Congress recognized that employers can use a reduction in force to disguise age discrimination. It also recognized that some statistical information about a reduction in force may well indicate whether or not age discrimination was involved. Therefore, in the Older Workers Benefits Protection Act, Congress has required employers to provide employees with information about the ages of the people being laid off and those being retained. In addition, the EEOC has adopted regulations which specify exactly how much information should be given to you and how it should be formatted.

This information is important to you if you are 40 or older. There are some relatively simple statistical formulas which will indicate whether or not you might have a claim for age discrimination. Therefore, before signing the agreement you should insist that the employer give you this information. And if some information is included, you should make sure that it meets the standards met by the EEOC. Finally, when you have received all of the required data, you should analyze it to see if there seems to be any statistical evidence of age discrimination.

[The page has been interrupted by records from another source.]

(* Let $G=(V,E)$ be a simple undirected graph on $n$ nodes, let $0<\epsilon<\frac13$, $\delta>0$, $p\in(0,1)$, and let $D\subseteq V$ be an $\epsilon^3$-near clique with $|D|\ge\delta n$; let $C=K_{\epsilon^2}(D)\cap D$. Let $S^{(1)}$ be a random subset of $V$ containing each node independently with probability $p/2$, and let $X^*=S^{(1)}\cap C$. Call $X^*$ representative if (1) $|K_{\epsilon^2}(D)\setminus K_{2\epsilon^2}(X^* )|<\epsilon|C|$ and (2) $|K_{2\epsilon^2}(X^* )\setminus K_{3\epsilon^2}(C)|<\epsilon^2|C|$. Then, for every outcome in which $X^*$ is representative, $|C\setminus T_\epsilon(X^* )|\le\frac{11}{2}\epsilon|C|$.
   Context: $\Gamma(v)$ denotes the set of neighbors of $v$. For $Y\subseteq V$ and $0\le\eta\le1$: $K_\eta(Y)=\{v\in V: |\Gamma(v)\cap Y|\ge(1-\eta)|Y|\}$, and $T_\epsilon(X)=K_\epsilon(K_{2\epsilon^2}(X))\cap K_{2\epsilon^2}(X)$. Each undirected edge is counted as two directed edges; a set $D\subseteq V$ is a $\gamma$-near clique if $|\{(u,v)\in D\times D:\{u,v\}\in E\}|\ge(1-\gamma)|D|(|D|-1)$. *)

theory Defs
  imports Complex_Main
begin

definition simple_graph :: "'a set \<Rightarrow> 'a set set \<Rightarrow> bool" where
  "simple_graph V E \<longleftrightarrow> finite V \<and> (\<forall>e\<in>E. e \<subseteq> V \<and> card e = 2)"

definition nbrs :: "'a set set \<Rightarrow> 'a \<Rightarrow> 'a set" where
  "nbrs E v = {u. {u, v} \<in> E}"

definition K :: "'a set \<Rightarrow> 'a set set \<Rightarrow> real \<Rightarrow> 'a set \<Rightarrow> 'a set" where
  "K V E \<eta> Y = {v \<in> V. real (card (nbrs E v \<inter> Y)) \<ge> (1 - \<eta>) * real (card Y)}"

definition T :: "'a set \<Rightarrow> 'a set set \<Rightarrow> real \<Rightarrow> 'a set \<Rightarrow> 'a set" where
  "T V E \<epsilon> X = K V E \<epsilon> (K V E (2 * \<epsilon>^2) X) \<inter> K V E (2 * \<epsilon>^2) X"

text \<open>Each undirected edge is counted as two ordered pairs.\<close>
definition near_clique :: "'a set \<Rightarrow> 'a set set \<Rightarrow> real \<Rightarrow> 'a set \<Rightarrow> bool" where
  "near_clique V E \<gamma> D \<longleftrightarrow> D \<subseteq> V \<and>
     real (card {(u, v) \<in> D \<times> D. {u, v} \<in> E}) \<ge> (1 - \<gamma>) * real (card D) * (real (card D) - 1)"

end

theory Submission
  imports Defs
begin

text \<open>Write \<open>Y = K(2\<epsilon>\<^sup>2, X)\<close>, so that \<open>T(\<epsilon>, X) = K(\<epsilon>, Y) \<inter> Y\<close>. A vertex of \<open>C\<close> outside
  \<open>T(\<epsilon>, X)\<close> either misses \<open>Y\<close>, which by representativeness (1) happens for fewer than \<open>\<epsilon>|C|\<close>
  vertices, or has more than \<open>\<epsilon>|Y|\<close> non-neighbours in \<open>Y\<close>. Count the non-adjacent pairs in
  \<open>C \<times> Y\<close> from the side of \<open>Y\<close>: a vertex of \<open>Y \<inter> K(3\<epsilon>\<^sup>2, C)\<close> misses at most \<open>3\<epsilon>\<^sup>2|C|\<close>
  vertices of \<open>C\<close>, and by (2) fewer than \<open>\<epsilon>\<^sup>2|C|\<close> vertices of \<open>Y\<close> lie outside \<open>K(3\<epsilon>\<^sup>2, C)\<close>.
  Since \<open>|Y| \<ge> (1 - \<epsilon>)|C| \<ge> 2|C|/3\<close>, at most \<open>9\<epsilon>|C|/2\<close> vertices are of the second kind.\<close>

lemma nbrs_sym: "u \<in> nbrs E v \<longleftrightarrow> v \<in> nbrs E u"
  by (simp add: nbrs_def insert_commute)

lemma sum_card_non_nbrs_swap:
  assumes "finite A" "finite B"
  shows "(\<Sum>a\<in>A. card (B - nbrs E a)) = (\<Sum>b\<in>B. card (A - nbrs E b))"
proof -
  have "(\<Sum>a\<in>A. card (B - nbrs E a)) = (\<Sum>a\<in>A. \<Sum>b\<in>B. if b \<notin> nbrs E a then 1 else 0)"
    using assms(2) by (simp add: sum.If_cases Diff_eq Collect_neg_eq)
  also have "\<dots> = (\<Sum>b\<in>B. \<Sum>a\<in>A. if a \<notin> nbrs E b then 1 else 0)"
    by (subst sum.swap) (simp add: nbrs_sym)
  also have "\<dots> = (\<Sum>b\<in>B. card (A - nbrs E b))"
    using assms(1) by (simp add: sum.If_cases Diff_eq Collect_neg_eq)
  finally show ?thesis .
qed

lemma card_non_nbrs_gt_if_notin_K:
  fixes \<eta> :: real
  assumes "finite Y" "v \<in> V" "v \<notin> K V E \<eta> Y"
  shows "\<eta> * card Y < card (Y - nbrs E v)"
proof -
  have "card Y = card (Y \<inter> nbrs E v) + card (Y - nbrs E v)"
    using assms(1) by (rule card_Int_Diff)
  moreover have "real (card (nbrs E v \<inter> Y)) < (1 - \<eta>) * card Y"
    using assms(2,3) by (auto simp: K_def)
  ultimately show ?thesis by (simp add: Int_commute algebra_simps)
qed

lemma card_non_nbrs_le_if_in_K:
  fixes \<theta> :: real
  assumes "finite C" "y \<in> K V E \<theta> C"
  shows "card (C - nbrs E y) \<le> \<theta> * card C"
proof -
  have "card C = card (C \<inter> nbrs E y) + card (C - nbrs E y)"
    using assms(1) by (rule card_Int_Diff)
  moreover have "(1 - \<theta>) * card C \<le> real (card (nbrs E y \<inter> C))"
    using assms(2) by (auto simp: K_def)
  ultimately show ?thesis by (simp add: Int_commute algebra_simps)
qed

text \<open>Both sides count non-adjacent pairs in \<open>C \<times> Y\<close>, from \<open>C\<close> and from \<open>Y\<close> respectively.\<close>

lemma card_diff_K_mult_le:
  fixes \<eta> \<theta> :: real
  assumes "finite V" "C \<subseteq> V" "Y \<subseteq> V" "0 \<le> \<theta>"
  shows "\<eta> * card Y * card (C - K V E \<eta> Y) \<le> \<theta> * card Y * card C + card (Y - K V E \<theta> C) * card C"
proof -
  have fin: "finite C" "finite Y"
    using assms(1-3) finite_subset by auto
  have "\<eta> * card Y * card (C - K V E \<eta> Y) = (\<Sum>v\<in>C - K V E \<eta> Y. \<eta> * card Y)"
    by simp
  also have "\<dots> \<le> (\<Sum>v\<in>C - K V E \<eta> Y. real (card (Y - nbrs E v)))"
    using fin assms(2) by (intro sum_mono less_imp_le card_non_nbrs_gt_if_notin_K[where V = V]) auto
  also have "\<dots> \<le> (\<Sum>v\<in>C. real (card (Y - nbrs E v)))"
    using fin by (intro sum_mono2) auto
  also have "\<dots> = (\<Sum>y\<in>Y. real (card (C - nbrs E y)))"
    using sum_card_non_nbrs_swap[OF fin, of E] by (simp flip: of_nat_sum)
  also have "\<dots> \<le> (\<Sum>y\<in>Y. \<theta> * card C + (if y \<in> K V E \<theta> C then 0 else real (card C)))"
  proof (rule sum_mono)
    fix y
    have "card (C - nbrs E y) \<le> card C"
      using fin by (intro card_mono) auto
    then show "real (card (C - nbrs E y)) \<le> \<theta> * card C + (if y \<in> K V E \<theta> C then 0 else real (card C))"
      using card_non_nbrs_le_if_in_K[OF fin(1)] assms(4) by (auto intro: add_increasing)
  qed
  also have "\<dots> = \<theta> * card Y * card C + card (Y - K V E \<theta> C) * card C"
    using fin by (simp add: sum.distrib sum.If_cases Diff_eq)
  finally show ?thesis .
qed

lemma card_diff_K_le:
  fixes \<eta> \<theta> \<mu> c :: real
  assumes "finite V" "C \<subseteq> V" "Y \<subseteq> V" "0 \<le> \<theta>" "0 \<le> \<mu>"
    and "card (Y - K V E \<theta> C) \<le> \<mu> * card C" and "card C \<le> c * card Y"
  shows "\<eta> * card (C - K V E \<eta> Y) \<le> (\<theta> + \<mu> * c) * card C"
proof (cases "card Y = 0")
  case True
  with assms(7) have "card C = 0"
    by simp
  then have "C = {}"
    using card_0_eq[OF finite_subset[OF assms(2,1)]] by simp
  then show ?thesis
    by simp
next
  case False
  have "card Y * (\<eta> * card (C - K V E \<eta> Y))
      \<le> \<theta> * card Y * card C + card (Y - K V E \<theta> C) * card C"
    using card_diff_K_mult_le[OF assms(1-4), of \<eta>] by (simp add: algebra_simps)
  also have "\<dots> \<le> \<theta> * card Y * card C + \<mu> * (c * card Y) * card C"
  proof -
    have "card (Y - K V E \<theta> C) \<le> \<mu> * (c * card Y)"
      using assms(6) order.trans[OF _ mult_left_mono[OF assms(7,5)]] by simp
    then show ?thesis
      by (simp add: mult_right_mono)
  qed
  also have "\<dots> = card Y * ((\<theta> + \<mu> * c) * card C)"
    by (simp add: algebra_simps)
  finally show ?thesis
    using False by simp
qed

theorem claim5p7:
  fixes V :: "'a set" and E :: "'a set set" and \<epsilon> \<delta> p :: real and D S :: "'a set"
  assumes "simple_graph V E"
    and "0 < \<epsilon>" and "\<epsilon> < 1/3" and "\<delta> > 0" and "0 < p" and "p < 1"
    and "near_clique V E (\<epsilon>^3) D"
    and "real (card D) \<ge> \<delta> * real (card V)"
    and "S \<subseteq> V"
    and rep1: "real (card (K V E (\<epsilon>^2) D - K V E (2 * \<epsilon>^2) (S \<inter> (K V E (\<epsilon>^2) D \<inter> D))))
               < \<epsilon> * real (card (K V E (\<epsilon>^2) D \<inter> D))"
    and rep2: "real (card (K V E (2 * \<epsilon>^2) (S \<inter> (K V E (\<epsilon>^2) D \<inter> D))
                           - K V E (3 * \<epsilon>^2) (K V E (\<epsilon>^2) D \<inter> D)))
               < \<epsilon>^2 * real (card (K V E (\<epsilon>^2) D \<inter> D))"
  shows "real (card ((K V E (\<epsilon>^2) D \<inter> D) - T V E \<epsilon> (S \<inter> (K V E (\<epsilon>^2) D \<inter> D))))
         \<le> 11/2 * \<epsilon> * real (card (K V E (\<epsilon>^2) D \<inter> D))"
proof -
  define C where "C = K V E (\<epsilon>^2) D \<inter> D"
  define Y where "Y = K V E (2 * \<epsilon>^2) (S \<inter> C)"
  have fin: "finite V" "finite C" "C \<subseteq> V" "Y \<subseteq> V"
    using assms(1) by (auto simp: simple_graph_def C_def Y_def K_def intro: finite_subset)
  have "card (C - Y) \<le> card (K V E (\<epsilon>^2) D - Y)"
    using fin by (intro card_mono finite_subset[OF _ fin(1)]) (auto simp: C_def K_def)
  with rep1 have missY: "card (C - Y) < \<epsilon> * card C"
    unfolding C_def Y_def by linarith
  have "card C \<le> card Y + card (C - Y)"
    using card_Int_Diff[OF fin(2), of Y] card_mono[OF finite_subset[OF fin(4,1)], of "C \<inter> Y"] by simp
  with missY have "(1 - \<epsilon>) * card C \<le> card Y"
    by (simp add: algebra_simps)
  moreover have "2/3 * card C \<le> (1 - \<epsilon>) * card C"
    using assms(3) by (intro mult_right_mono) auto
  ultimately have "card C \<le> 3/2 * card Y"
    by linarith
  with rep2 fin assms(2) have "\<epsilon> * card (C - K V E \<epsilon> Y) \<le> (3 * \<epsilon>^2 + \<epsilon>^2 * (3/2)) * card C"
    unfolding C_def Y_def by (intro card_diff_K_le) auto
  then have farY: "card (C - K V E \<epsilon> Y) \<le> 9/2 * \<epsilon> * card C"
    using assms(2) by (simp add: power2_eq_square algebra_simps)
  have "card (C - T V E \<epsilon> (S \<inter> C)) \<le> card ((C - Y) \<union> (C - K V E \<epsilon> Y))"
    using fin by (intro card_mono) (auto simp: T_def Y_def)
  also have "\<dots> \<le> card (C - Y) + card (C - K V E \<epsilon> Y)"
    by (rule card_Un_le)
  finally show ?thesis
    using missY farY unfolding C_def by linarith
qed

end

Mistake # 8: Not Getting Appropriate Time To Consider The Agreement

Before you sign a severance agreement and general release, you have to think about a lot of different things. It is not a decision that should be made in a rush. Because of this, Congress in the Older Workers Benefits Protection Act required employers to give terminated employees, who are 40 or older, sufficient time to think about the proposed severance agreement and release. The particular amount of time an employer must give the employees depends on the circumstances surrounding the termination.

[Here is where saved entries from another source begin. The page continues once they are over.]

lemma integrable_bounded:
  fixes f :: "'a \<Rightarrow> real"
  assumes "f \<in> borel_measurable M" and "\<And>x. x \<in> space M \<Longrightarrow> \<bar>f x\<bar> \<le> B"
  shows "integrable M f"
  using assms by (intro integrable_const_bound[where B=B]) (auto intro!: AE_I2)

lemma integral_indicator_mult_const:
  assumes "A \<in> events"
  shows "(\<integral>x. indicator A x * c \<partial>M) = prob A * c"
  using assms sets.sets_into_space by (simp add: Int_absorb2)

lemma integral_indicator_mult_bounds:
  fixes f :: "'a \<Rightarrow> real"
  assumes A: "A \<in> events" and f: "integrable M f" and bounds: "\<And>x. x \<in> A \<Longrightarrow> c \<le> f x \<and> f x \<le> d"
  shows "prob A * c \<le> (\<integral>x. indicator A x * f x \<partial>M)" and "(\<integral>x. indicator A x * f x \<partial>M) \<le> prob A * d"
proof -
  have int: "integrable M (\<lambda>x. indicator A x * f x)" "integrable M (\<lambda>x. indicator A x * k)" for k :: real
    using integrable_real_mult_indicator[OF A f] A by (simp_all add: mult.commute emeasure_eq_measure)
  show "prob A * c \<le> (\<integral>x. indicator A x * f x \<partial>M)"
    unfolding integral_indicator_mult_const[OF A, symmetric]
    by (rule integral_mono[OF int(2) int(1)]) (auto simp: indicator_def bounds)
  show "(\<integral>x. indicator A x * f x \<partial>M) \<le> prob A * d"
    unfolding integral_indicator_mult_const[OF A, symmetric]
    by (rule integral_mono[OF int(1) int(2)]) (auto simp: indicator_def bounds)
qed

lemma integral_indicator_Compl_mult:
  fixes f :: "'a \<Rightarrow> real"
  assumes A: "A \<in> events" and f: "integrable M f"
  shows "(\<integral>x. indicator (space M - A) x * f x \<partial>M) = expectation f - (\<integral>x. indicator A x * f x \<partial>M)"
proof -
  have "expectation f = (\<integral>x. indicator A x * f x + indicator (space M - A) x * f x \<partial>M)"
    by (rule Bochner_Integration.integral_cong) (auto simp: indicator_def)
  also have "\<dots> = (\<integral>x. indicator A x * f x \<partial>M) + (\<integral>x. indicator (space M - A) x * f x \<partial>M)"
    using A f by (intro Bochner_Integration.integral_add)
      (auto simp: mult.commute[of "indicator _ _"] intro: integrable_real_mult_indicator)
  finally show ?thesis by simp
qed

lemma exists_split_small_mean:
  fixes h :: "'a \<Rightarrow> real"
  assumes sub: "subalgebra M F" and h: "h \<in> borel_measurable F"
    and h01: "\<And>x. x \<in> space M \<Longrightarrow> 0 \<le> h x \<and> h x \<le> 1"
    and q: "q = expectation h" "0 < q" "q \<le> 1/6"
    and moment: "q * (1 + q) / 2 \<le> expectation (\<lambda>x. (h x)^2)"
  shows "\<exists>G\<in>sets F. 0 < prob G \<and> prob G < 1 \<and>
     prob G * (1 - prob G) * q * (1 - q) \<le> 144 * ((\<integral>x. indicator G x * h x \<partial>M) - prob G * q)^2"
proof -
  have [measurable]: "h \<in> borel_measurable M" using measurable_from_subalg[OF sub h] .
  define G where "G = {x \<in> space M. 1/4 \<le> h x}"
  have space_F: "space F = space M" using sub by (simp add: subalgebra_def)
  have GF: "G \<in> sets F" unfolding G_def space_F[symmetric] using h by measurable
  then have G[measurable]: "G \<in> events" using sub by (auto simp: subalgebra_def)
  define y where "y = (\<integral>x. indicator G x * h x \<partial>M)"
  have int_h: "integrable M h" by (rule integrable_bounded[where B=1]) (auto dest: h01)
  have int_Gh: "integrable M (\<lambda>x. indicator G x * h x)"
    by (rule integrable_bounded[where B=1]) (auto simp: indicator_def dest: h01)
  have int_h2: "integrable M (\<lambda>x. (h x)^2)"
    by (rule integrable_bounded[where B=1]) (auto simp: abs_square_le_1 dest: h01)
  have "expectation (\<lambda>x. (h x)^2) \<le> expectation (\<lambda>x. indicator G x * h x + h x / 4)"
  proof (rule integral_mono)
    fix x assume x: "x \<in> space M"
    show "(h x)^2 \<le> indicator G x * h x + h x / 4"
    proof (cases "x \<in> G")
      case True
      have "h x * h x \<le> h x * 1" using h01[OF x] by (intro mult_left_mono) auto
      then show ?thesis using True h01[OF x] by (simp add: power2_eq_square)
    next
      case False
      then have "h x * h x \<le> h x * (1/4)" using x h01[OF x] unfolding G_def by (intro mult_left_mono) auto
      then show ?thesis using False by (simp add: power2_eq_square)
    qed
  qed (use int_Gh int_h int_h2 in auto)
  also have "\<dots> = y + q / 4" using int_Gh int_h q(1) by (simp add: y_def)
  finally have "q / 2 + q * q / 2 \<le> y + q / 4" using moment by (simp add: algebra_simps)
  moreover have "0 \<le> q * q" by simp
  ultimately have "q / 4 \<le> y" by linarith
  moreover have "\<And>x. x \<in> G \<Longrightarrow> 1/4 \<le> h x \<and> h x \<le> 1" using h01 by (auto simp: G_def)
  then have "prob G * (1/4) \<le> y" "y \<le> prob G * 1"
    unfolding y_def by (intro integral_indicator_mult_bounds[OF G int_h]; blast)+
  moreover have "y \<le> q"
    unfolding y_def q(1) by (rule integral_mono[OF int_Gh int_h]) (auto simp: indicator_def dest: h01)
  ultimately show ?thesis
    using small_mean_split_bound[OF q(2,3) prob_le_1, of G y] GF unfolding y_def by (simp, blast)
qed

When only a single individual is being terminated, the company has to give you only 21 days to decide whether or not to sign. When there is a general reduction in force, the employer has to give you at least 45 days to review the agreement before signing it. In addition, there is also a seven-day revocation period after you have signed. In other words, you have seven days from the date you sign the agreement to change your mind. If you then decide that you don't like the severance agreement, you can cancel it and retain the right to pursue any other remedies you believe you have.


We hope this report has been useful to you. Also, if you think a friend or relative could use it, please pass a copy on to them.